Se jouant de l'amour fou et immature qu'il lui portait, elle parvint à le manipuler, à le pousser à utiliser un de ses philtres contre l'épouse de Pascal afin de l'en libérer. Encore jeune et naïf, Sven, alors âgé d'une vingtaine d'années au plus, obéit sans trop réfléchir aux injonctions de Judith. Il apprit quelques jours après que la jeune femme à qui il avait fait boire le poison avait perdu les jumeaux qu'elle portait avant de mourir des complications de cet avortement forcé. Judith ne se défendit pas d'être la cause de ce décès, elle se rit même de la naïveté de Sven, et disparut en le laissant seul pour affronter les conséquences de son acte.

Bien sûr, elles ne furent pas bénignes. On le condamna à mort pour sorcellerie mais pis encore, sa soeur, la douce Eryn, se suicida, incapable de supporter le crime de son frère. Son corps ne fut pas retrouvé et Pascal disparut de la cour peu après, ne laissant derrière lui aucune trace, aucun mot.
Fut-ce la chance ou un tour cruel du destin ? Judith fit une dernière apparition et vint sauver Sven de la corde, lui permettant de s'échapper au dernier instant, alors que la corde avait déjà ravagé ses cordes vocales, et, s'il le désirait, de devenir son apprenti. Pendant quelques années, il la suivit, apprenant avec elle quelques arcanes de l'art sombre auquel elle s'adonnait, jusqu'à ce que la culpabilité le rattrape, si vive qu'il ne put y échapper.

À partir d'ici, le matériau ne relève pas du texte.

(* Let $(b,c)$ be a weighted graph over $V$ and $m$ a measure on $V$ satisfying condition (A). Let $\alpha>0$, $p\in[1,\infty)$ and $u\in\ell^p(V,m)\cap\widetilde F$ with $(\widetilde L+\alpha)u\ge0$ on $V$. Then $u\ge0$. In particular, every $u\in\ell^p(V,m)\cap\widetilde F$ with $(\widetilde L+\alpha)u=0$ satisfies $u\equiv0$.
   Context: Let $V$ be a countably infinite set. A weighted graph over $V$ is a pair $(b,c)$ of maps $b:V\times V\to[0,\infty)$ and $c:V\to[0,\infty)$ with $b(x,x)=0$, $b(x,y)=b(y,x)$ and $\sum_{y\in V}b(x,y)<\infty$ for all $x,y\in V$. A measure on $V$ is a map $m:V\to(0,\infty)$; $\ell^p(V,m)$ is the space of real functions $u$ with $\sum_x m(x)|u(x)|^p<\infty$. Let $\widetilde F=\{u:V\to\mathbb R:\ \sum_y b(x,y)|u(y)|<\infty\text{ for all }x\}$ and define $\widetilde Lu(x)=\frac1{m(x)}\sum_y b(x,y)(u(x)-u(y))+\frac{c(x)}{m(x)}u(x)$ for $u\in\widetilde F$. Condition (A): for every sequence $(x_n)_{n\in\mathbb N}$ in $V$ with $b(x_n,x_{n+1})>0$ for all $n$, one has $\sum_{n\in\mathbb N}m(x_n)=\infty$. *)

theory Defs
  imports "HOL-Analysis.Analysis"
begin

definition weighted_graph :: "('v \<Rightarrow> 'v \<Rightarrow> real) \<Rightarrow> ('v \<Rightarrow> real) \<Rightarrow> bool" where
  "weighted_graph b c \<longleftrightarrow>
     (\<forall>x y. b x y \<ge> 0) \<and> (\<forall>x. c x \<ge> 0) \<and> (\<forall>x. b x x = 0) \<and>
     (\<forall>x y. b x y = b y x) \<and> (\<forall>x. (\<lambda>y. b x y) summable_on UNIV)"

definition measure_on :: "('v \<Rightarrow> real) \<Rightarrow> bool" where
  "measure_on m \<longleftrightarrow> (\<forall>x. m x > 0)"

definition in_lp :: "real \<Rightarrow> ('v \<Rightarrow> real) \<Rightarrow> ('v \<Rightarrow> real) \<Rightarrow> bool" where
  "in_lp p m u \<longleftrightarrow> (\<lambda>x. m x * \<bar>u x\<bar> powr p) summable_on UNIV"

definition in_Ftilde :: "('v \<Rightarrow> 'v \<Rightarrow> real) \<Rightarrow> ('v \<Rightarrow> real) \<Rightarrow> bool" where
  "in_Ftilde b u \<longleftrightarrow> (\<forall>x. (\<lambda>y. b x y * \<bar>u y\<bar>) summable_on UNIV)"

definition Ltilde :: "('v \<Rightarrow> 'v \<Rightarrow> real) \<Rightarrow> ('v \<Rightarrow> real) \<Rightarrow> ('v \<Rightarrow> real)
    \<Rightarrow> ('v \<Rightarrow> real) \<Rightarrow> 'v \<Rightarrow> real" where
  "Ltilde b c m u x = (1 / m x) * (\<Sum>\<^sub>\<infinity>y. b x y * (u x - u y)) + c x / m x * u x"

definition condition_A :: "('v \<Rightarrow> 'v \<Rightarrow> real) \<Rightarrow> ('v \<Rightarrow> real) \<Rightarrow> bool" where
  "condition_A b m \<longleftrightarrow>
     (\<forall>xs :: nat \<Rightarrow> 'v. (\<forall>n. b (xs n) (xs (Suc n)) > 0) \<longrightarrow> \<not> summable (\<lambda>n. m (xs n)))"

end

theory Submission
  imports Defs
begin

(*
  Suppose (L + alpha) u >= 0 with alpha > 0, but u x0 < 0.  At a vertex x with
  u x < 0 the terms c x u x and alpha u x are nonpositive, the second one
  strictly, so the edge sum  sum_y b(x,y)(u x - u y)  must be positive: some
  neighbour y (b(x,y) > 0) has u y < u x.  Iterating gives an infinite path
  x0, x1, ... along edges on which u strictly decreases.  The path is injective,
  and |u x_n| >= |u x0| > 0 along it, so  m(x_n) <= m(x_n)|u x_n|^p / |u x0|^p;
  the right-hand side is summable because u is in l^p, hence so is m(x_n),
  contradicting condition (A).  The statement for (L + alpha) u = 0 follows by
  applying the minimum principle to u and to -u, since L is odd.  The argument
  needs only p >= 0, and neither countability of V nor u in F-tilde: the edge
  sum is bounded termwise, whether or not it converges.
*)

lemma Ltilde_uminus: "Ltilde b c m (\<lambda>x. - u x) x = - Ltilde b c m u x"
proof -
  have "(\<Sum>\<^sub>\<infinity>y. b x y * (- u x - - u y)) = - (\<Sum>\<^sub>\<infinity>y. b x y * (u x - u y))"
    by (subst infsum_uminus[symmetric]) (simp add: algebra_simps)
  thus ?thesis unfolding Ltilde_def by simp
qed

text \<open>If none did, every term of the
  edge sum would be nonpositive and (L + alpha) u x <= alpha u x < 0.\<close>
lemma descent_step:
  assumes G: "weighted_graph b c" and M: "measure_on m" and alpha: "\<alpha> > 0"
    and super: "Ltilde b c m u x + \<alpha> * u x \<ge> 0" and neg: "u x < 0"
  shows "\<exists>y. b x y > 0 \<and> u y < u x"
proof (rule ccontr)
  assume no_lower: "\<not> ?thesis"
  have term_nonpos: "b x y * (u x - u y) \<le> 0" for y
  proof (cases "b x y > 0")
    case True
    hence "u x \<le> u y" using no_lower by force
    thus ?thesis using True by (simp add: mult_nonneg_nonpos)
  next
    case False
    hence "b x y = 0" using G unfolding weighted_graph_def by (meson antisym not_le)
    thus ?thesis by simp
  qed
  have "(\<Sum>\<^sub>\<infinity>y. - (b x y * (u x - u y))) \<ge> 0"
    by (rule infsum_nonneg) (use term_nonpos in auto)
  hence edge_sum: "(\<Sum>\<^sub>\<infinity>y. b x y * (u x - u y)) \<le> 0" by (simp add: infsum_uminus)
  have mx: "m x > 0" using M by (simp add: measure_on_def)
  have cx: "c x \<ge> 0" using G by (simp add: weighted_graph_def)
  have "(1 / m x) * (\<Sum>\<^sub>\<infinity>y. b x y * (u x - u y)) \<le> 0"
    using edge_sum mx by (simp add: divide_nonpos_pos)
  moreover have "c x / m x * u x \<le> 0" using cx mx neg by (intro mult_nonneg_nonpos) auto
  moreover have "\<alpha> * u x < 0" using alpha neg by (simp add: mult_pos_neg)
  ultimately show False using super unfolding Ltilde_def by linarith
qed

lemma descending_path:
  assumes step: "\<And>x. u x < 0 \<Longrightarrow> \<exists>y. b x y > 0 \<and> u y < u x"
    and start: "u x0 < (0::real)"
  obtains xs where "xs 0 = x0"
    and "\<And>n. b (xs n) (xs (Suc n)) > (0::real) \<and> u (xs (Suc n)) < u (xs n)"
proof -
  have "\<exists>xs. \<forall>n. (u (xs n) < 0 \<and> (n = 0 \<longrightarrow> xs n = x0))
          \<and> (b (xs n) (xs (Suc n)) > 0 \<and> u (xs (Suc n)) < u (xs n))"
  proof (rule dependent_nat_choice)
    show "\<exists>x. u x < 0 \<and> (0 = (0::nat) \<longrightarrow> x = x0)" using start by blast
  next
    fix x and n :: nat assume "u x < 0 \<and> (n = 0 \<longrightarrow> x = x0)"
    then obtain y where "b x y > 0" "u y < u x" using step by blast
    thus "\<exists>y. (u y < 0 \<and> (Suc n = 0 \<longrightarrow> y = x0)) \<and> b x y > 0 \<and> u y < u x"
      using \<open>u x < 0 \<and> _\<close> by (auto intro: less_trans)
  qed
  thus ?thesis using that by blast
qed

lemma strictly_decreasing_values_inj:
  fixes u :: "'v \<Rightarrow> real"
  assumes "\<And>n. u (xs (Suc n)) < u (xs n)"
  shows "inj xs"
proof -
  have "strict_mono ((\<lambda>x. - u x) \<circ> xs)"
    using assms by (simp add: strict_mono_Suc_iff)
  thus ?thesis by (rule inj_on_imageI2[OF strict_mono_imp_inj_on])
qed

lemma lp_weight_summable_along:
  assumes "in_lp p m u" and "inj xs"
  shows "summable (\<lambda>n. m (xs n) * \<bar>u (xs n)\<bar> powr p)"
proof -
  let ?g = "\<lambda>x. m x * \<bar>u x\<bar> powr p"
  have "?g summable_on UNIV" using assms(1) by (simp add: in_lp_def)
  hence "?g summable_on range xs" by (rule summable_on_subset_banach) auto
  hence "(?g \<circ> xs) summable_on UNIV" using summable_on_reindex[OF assms(2), of ?g] by simp
  thus ?thesis by (auto dest: summable_on_imp_summable simp: o_def)
qed

lemma summable_if_weighted_summable:
  fixes a w :: "nat \<Rightarrow> real"
  assumes sw: "summable (\<lambda>n. a n * w n)" and a: "\<And>n. a n \<ge> 0"
    and K: "K > 0" and w: "\<And>n. w n \<ge> K"
  shows "summable a"
proof (rule summable_comparison_test'[OF summable_divide[OF sw, of K], of 0])
  fix n
  have "a n * K \<le> a n * w n" using a w by (simp add: mult_left_mono)
  thus "norm (a n) \<le> a n * w n / K" using a K by (simp add: pos_le_divide_eq)
qed

lemma minimum_principle:
  assumes G: "weighted_graph b c" and M: "measure_on m" and A: "condition_A b m"
    and alpha: "\<alpha> > 0" and p: "p \<ge> 0" and ulp: "in_lp p m u"
    and super: "\<forall>x. Ltilde b c m u x + \<alpha> * u x \<ge> 0"
  shows "u x0 \<ge> 0"
proof (rule ccontr)
  assume "\<not> u x0 \<ge> 0"
  hence x0: "u x0 < 0" by simp
  obtain xs where xs0: "xs 0 = x0"
    and path: "\<And>n. b (xs n) (xs (Suc n)) > 0 \<and> u (xs (Suc n)) < u (xs n)"
    using descending_path[OF descent_step[OF G M alpha super[rule_format]] x0] by blast
  have below_start: "u (xs n) \<le> u x0" for n
    using path xs0 by (induction n) (auto intro: order.trans less_imp_le)
  have weights: "summable (\<lambda>n. m (xs n) * \<bar>u (xs n)\<bar> powr p)"
    using lp_weight_summable_along[OF ulp strictly_decreasing_values_inj] path by blast
  have bound: "\<bar>u x0\<bar> powr p \<le> \<bar>u (xs n)\<bar> powr p" for n
    using below_start[of n] x0 p by (intro powr_mono2) auto
  have "summable (\<lambda>n. m (xs n))"
    using M x0 bound
    by (intro summable_if_weighted_summable[OF weights, of "\<bar>u x0\<bar> powr p"])
       (auto simp: measure_on_def less_imp_le)
  moreover have "\<not> summable (\<lambda>n. m (xs n))"
    using A path unfolding condition_A_def by blast
  ultimately show False by contradiction
qed

theorem mainTheorem3:
  fixes b :: "'v \<Rightarrow> 'v \<Rightarrow> real" and c m u :: "'v \<Rightarrow> real"
    and \<alpha> p :: real
  assumes V: "countable (UNIV :: 'v set)" "infinite (UNIV :: 'v set)"
    and G: "weighted_graph b c" and M: "measure_on m"
    and A: "condition_A b m"
    and alpha: "\<alpha> > 0" and p: "p \<ge> 1"
    and ulp: "in_lp p m u" and uF: "in_Ftilde b u"
  shows "((\<forall>x. Ltilde b c m u x + \<alpha> * u x \<ge> 0) \<longrightarrow> (\<forall>x. u x \<ge> 0))
       \<and> ((\<forall>x. Ltilde b c m u x + \<alpha> * u x = 0) \<longrightarrow> (\<forall>x. u x = 0))"
proof -
  have p_nonneg: "p \<ge> 0" using p by simp
  show ?thesis
  proof (intro conjI impI allI)
    fix x assume "\<forall>x. Ltilde b c m u x + \<alpha> * u x \<ge> 0"
    thus "u x \<ge> 0" by (rule minimum_principle[OF G M A alpha p_nonneg ulp])
  next
    fix x assume sol: "\<forall>x. Ltilde b c m u x + \<alpha> * u x = 0"
    have "u x \<ge> 0" using minimum_principle[OF G M A alpha p_nonneg ulp] sol by simp
    moreover have "(\<lambda>x. - u x) x \<ge> 0"
    proof (rule minimum_principle[OF G M A alpha p_nonneg])
      show "in_lp p m (\<lambda>x. - u x)" using ulp by (simp add: in_lp_def)
      show "\<forall>y. Ltilde b c m (\<lambda>x. - u x) y + \<alpha> * - u y \<ge> 0"
        using sol by (simp add: Ltilde_uminus add_eq_0_iff)
    qed
    ultimately show "u x = 0" by simp
  qed
qed

end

Une nuit, il abandonna Judith endormie dans sa couche et partit sur les chemins de Rome, espérant trouver dans le rôle de Chevalier une rédemption presque impossible. Meurtrier, sorcier, il avoua tout, désireux de se confesser, d'expier ses nombreux péchés, et la clémence de celui à qui il s'était livré fut assez grande pour lui permettre d'entrer dans le Saint-Ordre.

Désormais chevalier, il combat le Mal qu'il a si intimement connu de toutes ses forces, brûlant les sorcières comme on ferait griller du pain. La peur le tiraille, la peur qu'un jour Judith le retrouve et lui fasse payer son abandon, la peur que sa soeur réapparaisse sous les traits d'un monstre, la peur de tout...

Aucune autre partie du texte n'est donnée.